So just how much risk are people assuming when they click that app to hop on a Bird or Lime e-scooter to zip to lunch or make that soon-to-start class?
A lawsuit filed last week in Atlanta may test the strength of the sweeping agate-type boilerplate waiver that scrolls across Bird’s app sharply limiting any liability claims while agreeing that any dispute regarding the ubiquitous wheeled whizzers must be arbitrated in California.
That’s a long trip for Simon Clopton, whose decision to hop aboard a Bird scooter in January ended abruptly when the front brake apparently locked up and threw him to the pavement on the Georgia Tech campus, shattering his leg and leaving him with more than $156,000 in medical bills.

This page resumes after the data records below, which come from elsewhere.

lemma field_differentiable_cong_ev:
  assumes "\<forall>\<^sub>F t in nhds t0. g t = f t" "f field_differentiable (at t0)"
  shows "g field_differentiable (at t0)"
  using assms DERIV_cong_ev[OF refl assms(1) refl] unfolding field_differentiable_def by blast

lemma mat_deriv_cong_ev: "\<forall>\<^sub>F t in nhds t0. G t = F t \<Longrightarrow> mat_deriv G t0 = mat_deriv F t0"
  unfolding mat_deriv_def by (intro ext deriv_cong_ev) (auto elim: eventually_mono)

lemma mat_differentiable_cong_ev:
  assumes "\<forall>\<^sub>F t in nhds t0. G t = F t" "mat_differentiable F t0"
  shows "mat_differentiable G t0"
  unfolding mat_differentiable_def
proof (intro allI)
  fix i j
  have "\<forall>\<^sub>F t in nhds t0. G t i j = F t i j"
    using assms(1) by (rule eventually_mono) simp
  then show "(\<lambda>t. G t i j) field_differentiable (at t0)"
    by (rule field_differentiable_cong_ev) (use assms(2) in \<open>simp add: mat_differentiable_def\<close>)
qed

lemma mat_deriv_eq_zero:
  assumes "\<forall>\<^sub>F t in nhds t0. F t i j = c"
  shows "mat_deriv F t0 i j = 0"
  unfolding mat_deriv_def using deriv_cong_ev[OF assms refl] by simp

lemma mat_differentiable_const [simp]: "mat_differentiable (\<lambda>t. A) t0"
  by (rule mat_derivI[of _ "\<lambda>i j. 0"]) simp

lemma mat_deriv_const [simp]: "mat_deriv (\<lambda>t. A) t0 = (\<lambda>i j. 0)"
  by (rule mat_derivI) simp

lemma mat_differentiable_mtrans [simp]:
  "mat_differentiable (\<lambda>t. mtrans (F t)) t0 \<longleftrightarrow> mat_differentiable F t0"
  unfolding mat_differentiable_def mtrans_def by auto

“Fortunately, we have video from Georgia Tech that shows this thing riding straight down the street, everything’s fine, and all of sudden the wheel just yanks to the left and sends him flying,” said attorney Louis Levenson, who sued Bird and the scooter’s manufacturers Friday in Fulton County State Court.
“He struck the pavement in the bike lane and suffered compound fractures of the leg, and they had to put in screws, bolts and rods,” said Levenson, who filed the suit with Levenson & Associates colleague George Lott.
Clopton, 42, was about to start a new job but is instead sitting at home unable to put any weight on his leg, Levenson said. He was not wearing a helmet and suffered no head injuries, Levenson said.
The suit names Bird Rides Inc. and the scooters’ manufacturers, Xiaomi USA and Segway Inc.
Scooters and their associated benefits, accidents, hassles and clutter are big news everywhere they operate. Atlanta lawmakers are considering regulations and have enlisted Grady Memorial Hospital to help track injuries. The Georgia General Assembly is pondering legislation to regulate where they can be parked and how fast they can travel—but holding scooter operators liable for injury may be the biggest bump of all.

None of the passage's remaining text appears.